<h4 style="color:#1a73e8;">2.3.6 Feature Selection: Beyond Naive Approaches</h4>

While encoding prepares features for modeling, **feature selection** reduces dimensionality, improves interpretability, and mitigates overfitting. We now expand on the initial coverage with deeper context.

---

### **Why Feature Selection Matters**

- **Curse of Dimensionality**: More features → sparser data → higher variance.
- **Computational Efficiency**: Fewer features → faster training.
- **Model Interpretability**: Simpler models are easier to explain.
- **Noise Reduction**: Irrelevant features add variance without signal.

---

### **Three Paradigms of Feature Selection**

1. **Filter Methods**:  
   Use statistical metrics **independent of any model**. Fast and scalable.
   - **Chi-Square Test**: For **categorical input vs. categorical target** (classification).
     

In [None]:
from sklearn.feature_selection import chi2, SelectKBest
selector = SelectKBest(score_func=chi2, k=5)
X_selected = selector.fit_transform(X_train_cat, y_train_cat)

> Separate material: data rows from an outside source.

lemma cutoff_measurable [measurable]: "cutoff a \<in> borel_measurable borel"
  unfolding cutoff_def by measurable

context
  fixes L :: real and \<mu> :: "real measure"
  assumes dominated: "inv_sq_dominated L \<mu>"
begin

lemma inv_sq_dominated_prob_space: "prob_space \<mu>"
  and inv_sq_dominated_sets: "sets \<mu> = sets borel"
  and inv_sq_dominated_nn_integral:
    "h \<in> borel_measurable borel \<Longrightarrow> (\<integral>\<^sup>+ w. h w \<partial>\<mu>) \<le> ennreal L * (\<integral>\<^sup>+ z. h (1/z) \<partial>lborel)"
  using dominated by (auto simp: inv_sq_dominated_def)

lemma inv_sq_dominated_pos: "L > 0"
proof (rule ccontr)
  assume "\<not> L > 0"
  then have "ennreal L = 0" by (simp add: ennreal_eq_0_iff)
  then have "(\<integral>\<^sup>+ w. 1 \<partial>\<mu>) \<le> 0"
    using inv_sq_dominated_nn_integral[of "\<lambda>_. 1"] by simp
  then show False
    using prob_space.emeasure_space_1[OF inv_sq_dominated_prob_space] by simp
qed

lemma emeasure_le_inv_sq:
  assumes B: "B \<in> sets borel"
  shows "emeasure \<mu> B \<le> ennreal L * emeasure lborel {z. 1/z \<in> B}"
proof -
  have "(\<lambda>z::real. 1/z) -` B \<inter> space borel \<in> sets borel"
    using B by (intro measurable_sets[of _ borel]) auto
  then have inv_B: "{z::real. 1/z \<in> B} \<in> sets lborel" by (simp add: vimage_def)
  have "emeasure \<mu> B = (\<integral>\<^sup>+ w. indicator B w \<partial>\<mu>)"
    using B inv_sq_dominated_sets by simp
  also have "\<dots> \<le> ennreal L * (\<integral>\<^sup>+ z. indicator {z. 1/z \<in> B} z \<partial>lborel)"
    using inv_sq_dominated_nn_integral[of "indicator B"] B by (simp add: indicator_def)
  also have "\<dots> = ennreal L * emeasure lborel {z. 1/z \<in> B}"
    using inv_B by simp
  finally show ?thesis .
qed
(* Let $t\in\mathbb N$ and $N=\lvert t\rvert_{\mathtt{01}}$. Then $\frac34N\le v_t\le 5N$.
   Context: For $n\in\mathbb N=\{0,1,\dots\}$, $\lvert n\rvert_{\mathtt{01}}$ denotes the number of maximal blocks of $\mathtt 1$s in the binary expansion of $n$ (equivalently, the number of occurrences of $\mathtt{01}$ in the binary expansion padded with a leading $\mathtt 0$). Define $(v_t)_{t\in\mathbb N}$ by $v_0=0$, $v_1=3/2$, and for all $t\in\mathbb N$: $v_{4t}=v_{2t}$, $v_{4t+2}=v_{2t+1}+1$, $v_{2t+1}=\frac{v_t+v_{t+1}}2+\frac34$. *)

theory Defs
  imports Complex_Main
begin

text \<open>Number of maximal blocks of 1s in the binary expansion of n: counts the
positions i where bit i is 1 and bit i+1 is 0 (the top end of each block),
i.e. occurrences of 01 in the expansion padded with a leading 0.\<close>
fun blocks01 :: "nat \<Rightarrow> nat" where
  "blocks01 n = (if n = 0 then 0
     else blocks01 (n div 2) + (if odd n \<and> even (n div 2) then 1 else 0))"

declare blocks01.simps [simp del]

function v :: "nat \<Rightarrow> real" where
  "v n = (if n = 0 then 0
          else if n = 1 then 3/2
          else if n mod 4 = 0 then v (n div 2)
          else if n mod 4 = 2 then v (n div 2) + 1
          else (v (n div 2) + v (n div 2 + 1)) / 2 + 3/4)"
  by auto
termination
  by (relation "measure id") (auto, presburger)

end

theory Submission
  imports Defs
begin

text \<open>Prove each bound as an invariant of the pair (v t, v (t+1)) measured
against blocks01 t alone.  The recurrences express v (2t), v (2t+1), v (2t+2)
through v t and v (t+1), and blocks01 (2t), blocks01 (2t+1) through blocks01 t,
so the invariant passes from t to 2t and 2t+1 without ever comparing blocks01 t
with blocks01 (t+1); the parity of t decides how much slack the second
component needs.\<close>

declare v.simps [simp del]

lemma v_0 [simp]: "v 0 = 0"
  by (simp add: v.simps)

lemma v_Suc_0 [simp]: "v (Suc 0) = 3/2"
  by (simp add: v.simps)

lemma v_double: "v (2 * m) = v m + of_bool (odd m)"
proof (cases "m = 0")
  case False
  have "2 * m \<noteq> 1" and "(2 * m) mod 4 = 2 * (m mod 2)"
    by presburger+
  with False show ?thesis
    by (subst v.simps) (auto elim: oddE)
qed simp

lemma v_Suc_double: "v (Suc (2 * m)) = (v m + v (Suc m)) / 2 + 3/4"
proof (cases "m = 0")
  case False
  have "Suc (2 * m) mod 4 \<noteq> 0" and "Suc (2 * m) mod 4 \<noteq> 2"
    by presburger+
  with False show ?thesis
    by (subst v.simps) simp
qed simp

lemma v_Suc_Suc_double: "v (Suc (Suc (2 * m))) = v (Suc m) + of_bool (even m)"
  using v_double [of "Suc m"] by simp

lemma blocks01_0 [simp]: "blocks01 0 = 0"
  by (simp add: blocks01.simps)

lemma blocks01_double: "blocks01 (2 * m) = blocks01 m"
  by (cases "m = 0") (simp_all add: blocks01.simps [of "2 * m"])

lemma blocks01_Suc_double: "blocks01 (Suc (2 * m)) = blocks01 m + of_bool (even m)"
  by (simp add: blocks01.simps [of "Suc (2 * m)"])

text \<open>The slack 3/2 for even t is already attained at t = 0, where v 1 = 3/2.\<close>

lemma v_upper_pair:
  "v t \<le> 5 * real (blocks01 t) - of_bool (odd t) \<and>
   v (Suc t) \<le> 5 * real (blocks01 t) + (if odd t then - 5/2 else 3/2)"
proof (induction t rule: nat_bit_induct)
  case zero
  show ?case by simp
next
  case (even t)
  show ?case
    unfolding v_double v_Suc_double blocks01_double
    using even.IH by (cases "odd t") (auto simp: field_simps)
next
  case (odd t)
  show ?case
    unfolding v_Suc_Suc_double v_Suc_double blocks01_Suc_double
    using odd.IH by (cases "odd t") (auto simp: field_simps)
qed

lemma v_lower_pair:
  "3/4 * real (blocks01 t) \<le> v t \<and>
   3/4 * real (blocks01 t) - 3/4 * of_bool (odd t) \<le> v (Suc t)"
proof (induction t rule: nat_bit_induct)
  case zero
  show ?case by simp
next
  case (even t)
  show ?case
    unfolding v_double v_Suc_double blocks01_double
    using even.IH by (cases "odd t") (auto simp: field_simps)
next
  case (odd t)
  show ?case
    unfolding v_Suc_Suc_double v_Suc_double blocks01_Suc_double
    using odd.IH by (cases "odd t") (auto simp: field_simps)
qed

theorem proposition3p11:
  fixes t :: nat
  shows "3/4 * real (blocks01 t) \<le> v t \<and> v t \<le> 5 * real (blocks01 t)"
  using v_lower_pair [of t] v_upper_pair [of t] by (cases "odd t") auto

end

- **ANOVA F-test**: For **numerical input vs. categorical target**.
    

In [None]:
from sklearn.feature_selection import f_classif
selector = SelectKBest(score_func=f_classif, k=10)

- **Mutual Information**: Model-agnostic; works for **any input/target type**.
     

In [None]:
from sklearn.feature_selection import mutual_info_classif, mutual_info_regression
# For classification:
mi_scores = mutual_info_classif(X_train, y_train)
# For regression:
mi_scores = mutual_info_regression(X_train, y_train)

2. **Wrapper Methods**:  
   Use a **specific model** to evaluate feature subsets. More accurate but computationally heavy.
   - **Recursive Feature Elimination (RFE)**:

In [None]:
from sklearn.feature_selection import RFE
from sklearn.ensemble import RandomForestRegressor

estimator = RandomForestRegressor(n_estimators=50, random_state=42)
rfe = RFE(estimator, n_features_to_select=8, step=1)
X_rfe = rfe.fit_transform(X_train, y_train)
selected = X_train.columns[rfe.support_]

- **Forward/Backward Selection**: Not natively in sklearn; use `mlxtend`.

3. **Embedded Methods**:  
   Feature selection **built into the model training**.
   - **Lasso (L1 regularization)**: Shrinks irrelevant feature weights to zero. 

In [None]:
from sklearn.linear_model import LassoCV
lasso = LassoCV(cv=5).fit(X_train_scaled, y_train)
selected = X_train.columns[lasso.coef_ != 0]

- **Tree-based importance**: From Random Forest or XGBoost.   

In [None]:
from sklearn.ensemble import RandomForestClassifier
rf = RandomForestClassifier().fit(X_train, y_train)
importances = pd.Series(rf.feature_importances_, index=X_train.columns)
top_features = importances.nlargest(10).index